When asked if Skal has heirs in Spain, Navarro responds that it is not his place to say who they could be, but he affirms that “there are people who have tried to do something similar within our European intellectual and cultural parameters, who can introduce nuances or things that could escape him, and vice versa.” All in all, the critic considers that in Spain more French studies on cinema continue to prevail, more based on the theory of the authors who disseminated media such as Cinema Notebooks.

Studying culture in the new century

Navarro’s generation was becoming professional when the publication of Monster show in United States. Other colleagues later took up the pen, such as the duo of film critics and essayists formed by Elisa McCausland and Diego Salgado (Supernovas, a feminist history of audiovisual science fiction), and they coexisted with Skal’s work in a different way. What may have had some disruptive and surprising contribution in 1993 had been fully consolidated after the turn of the century as a valid and potentially fruitful, standardized methodology.

For this duo of authors, the presence of Skal and his model was, in some way, comforting. “We felt very in tune with what a giant like him was doing, and that made us feel well on track,” explains Salgado. The critic, co-author of black kiss Cinema, witchcraft and pop culture (Hermenaute) also highlights that “it’s nice to remember that Skal was quite a geek at the beginning. He has always been involved in scholarship, but in his first books one could see more of the enthusiasm of amateurism. Afterwards he has sharpened his pen more, as happens to all of us.”

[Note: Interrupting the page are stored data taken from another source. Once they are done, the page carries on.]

lemma emeasure_interval_measure_UN_balls_ge:
  assumes g: "mono g" "continuous_on UNIV g"
    and C: "countable C" "disjoint_family_on (case_prod ball) C"
    and slope: "\<And>c r. (c, r) \<in> C \<Longrightarrow> 0 < r \<and> q \<le> ball_slope g c r"
  shows "ennreal q * emeasure lebesgue (\<Union>(case_prod ball ` C))
           \<le> emeasure (interval_measure g) (\<Union>(case_prod ball ` C))"
proof -
  have "ennreal q * emeasure lebesgue (\<Union>(case_prod ball ` C))
          \<le> 1 * emeasure (interval_measure g) (\<Union>(case_prod ball ` C))"
  proof (rule cmult_emeasure_disjoint_UN_le[OF C])
    fix i assume "i \<in> C"
    then obtain c r where i: "i = (c, r)" and "0 < r" "q \<le> ball_slope g c r"
      using slope by (cases i) blast
    then show "ennreal q * emeasure lebesgue (case_prod ball i)
                 \<le> 1 * emeasure (interval_measure g) (case_prod ball i)"
      by (simp add: emeasure_interval_measure_ball[OF g] mult_right_mono ennreal_leI)
  qed (auto simp: case_prod_unfold intro: fmeasurableD[OF lmeasurable_ball])
  then show ?thesis by simp
qed

lemma lmeasurable_Un_negligible_diff:
  assumes "U \<in> lmeasurable" "negligible (S - U)"
  shows "U \<union> S \<in> lmeasurable" "measure lebesgue (U \<union> S) = measure lebesgue U"
proof -
  have eq: "U \<union> S = U \<union> (S - U)" by blast
  show "U \<union> S \<in> lmeasurable"
    unfolding eq by (rule fmeasurable.Un[OF assms(1) negligible_imp_measurable[OF assms(2)]])
  show "measure lebesgue (U \<union> S) = measure lebesgue U"
    unfolding eq using assms by (intro measure_Un_null_set) (auto simp: negligible_iff_null_sets)
qed

lemma slope_oscillation_set_measure_contraction:
  assumes g: "mono g" "continuous_on UNIV g" and pq: "0 < p" "p < q"
    and S: "S \<subseteq> slope_oscillation_set g p q" and G: "open G" "S \<subseteq> G" "G \<in> lmeasurable"
  shows "\<exists>W\<in>lmeasurable. S \<subseteq> W \<and> measure lebesgue W \<le> p / q * measure lebesgue G"
proof -
  have fine: "\<exists>c r. r < \<delta> \<and> x \<in> ball c r \<and> R (ball_slope g c r)"
    if osc: "\<exists>\<^sub>F z in shrinking_balls x. R (case_prod (ball_slope g) z)" and "0 < \<delta>" for x \<delta> R
  proof -
    obtain c r where "r < \<delta>" "\<bar>x - c\<bar> < r" "R (ball_slope g c r)"
      using osc \<open>0 < \<delta>\<close> by (auto simp: frequently_shrinking_balls)
    then show ?thesis
      by (intro exI[of _ c] exI[of _ r]) (simp add: dist_real_def abs_minus_commute)
  qed
  obtain C1 where C1: "countable C1" "\<And>c r. (c, r) \<in> C1 \<Longrightarrow> ball_slope g c r < p \<and> 0 < r \<and> ball c r \<subseteq> G"
    "disjoint_family_on (case_prod ball) C1" "negligible (S - \<Union>(case_prod ball ` C1))"
    using Vitali_disjoint_balls_in_open[OF G(1,2), of "\<lambda>c r. ball_slope g c r < p"]
      fine S by (force simp: slope_oscillation_set_def)
  define U1 where "U1 = \<Union>(case_prod ball ` C1)"
  have "open U1" unfolding U1_def by auto
  obtain C2 where C2: "countable C2" "\<And>c r. (c, r) \<in> C2 \<Longrightarrow> q < ball_slope g c r \<and> 0 < r \<and> ball c r \<subseteq> U1"
    "disjoint_family_on (case_prod ball) C2" "negligible (S \<inter> U1 - \<Union>(case_prod ball ` C2))"
    using Vitali_disjoint_balls_in_open[OF \<open>open U1\<close>, of "S \<inter> U1" "\<lambda>c r. q < ball_slope g c r"]
      fine S by (force simp: slope_oscillation_set_def)
  define U2 where "U2 = \<Union>(case_prod ball ` C2)"
  have "U1 \<subseteq> G" "U2 \<subseteq> U1"
    using C1(2) C2(2) by (fastforce simp: U1_def U2_def)+
  have "ennreal q * emeasure lebesgue U2 \<le> emeasure (interval_measure g) U2"
    unfolding U2_def using C2(2) by (intro emeasure_interval_measure_UN_balls_ge[OF g C2(1,3)]) force
  also have "\<dots> \<le> emeasure (interval_measure g) U1"
    using \<open>U2 \<subseteq> U1\<close> \<open>open U1\<close> by (simp add: emeasure_mono)
  also have "\<dots> \<le> ennreal p * emeasure lebesgue U1"
    unfolding U1_def using C1(2) by (intro emeasure_interval_measure_UN_balls_le[OF g C1(1,3)]) force
  also have "\<dots> \<le> ennreal p * emeasure lebesgue G"
    using \<open>U1 \<subseteq> G\<close> G(3) by (intro mult_left_mono emeasure_mono) auto
  finally have "ennreal q * emeasure lebesgue U2 \<le> ennreal p * emeasure lebesgue G" .
  moreover have "U2 \<in> lmeasurable"
    using \<open>U2 \<subseteq> U1\<close> \<open>U1 \<subseteq> G\<close> C2(1)
    by (intro fmeasurableI2[OF G(3)]) (auto simp: U2_def case_prod_unfold intro: fmeasurableD)
  ultimately have "q * measure lebesgue U2 \<le> p * measure lebesgue G"
    using G(3) pq
    by (simp add: emeasure_eq_measure2 ennreal_mult'[symmetric] ennreal_mult''[symmetric] ennreal_le_iff)
  moreover have "negligible (S - U2)"
    using negligible_Un[OF C1(4)[folded U1_def] C2(4)[folded U2_def]]
    by (rule negligible_subset) blast
  ultimately show ?thesis
    using pq lmeasurable_Un_negligible_diff[OF \<open>U2 \<in> lmeasurable\<close>]
    by (intro bexI[of _ "U2 \<union> S"]) (auto simp: pos_le_divide_eq mult.commute)
qed

lemma lmeasurable_outer_open:
  assumes W: "W \<in> lmeasurable" and "0 < e"
  obtains T where "open T" "W \<subseteq> T" "T \<in> lmeasurable" "measure lebesgue T < measure lebesgue W + e"
proof -
  obtain T where T: "open T" "W \<subseteq> T" "T - W \<in> lmeasurable" "emeasure lebesgue (T - W) < ennreal e"
    using sets_lebesgue_outer_open[OF fmeasurableD[OF W] \<open>0 < e\<close>] by blast
  have "T = W \<union> (T - W)" using T(2) by blast
  then have "T \<in> lmeasurable" "measure lebesgue T \<le> measure lebesgue W + measure lebesgue (T - W)"
    using fmeasurable.Un[OF W T(3)] measure_Un_le[OF fmeasurableD[OF W] fmeasurableD[OF T(3)]] by simp_all
  moreover have "measure lebesgue (T - W) < e"
    using T(3,4) \<open>0 < e\<close> by (simp add: emeasure_eq_measure2 ennreal_less_iff)
  ultimately show thesis
    using that T(1,2) by fastforce
qed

Salgado regrets not having been able to meet the author of something in the blood at the last San Sebastián Fantastic and Horror Film Week. And he points out a possibility: that Skal may not be as widely read as “the social media bubble and posturing” suggest. “If you keep him in mind, it shows in what you write, and the mixture of rigor and enthusiasm with Skal’s foundation does not occur much. Neither here, nor in the United States,” he diagnoses.

Like Palmer, the co-author of Supernovas It also ends up highlighting the American’s prose. “Sometimes we forget that writing is a communicative act and also a creative act. An essay does not have to be a dry product where you limit yourself to writing one thing after another. Skal managed several records and was a very good writer. His books are meant to be read in one sitting, and they leave you wanting more,” he concludes.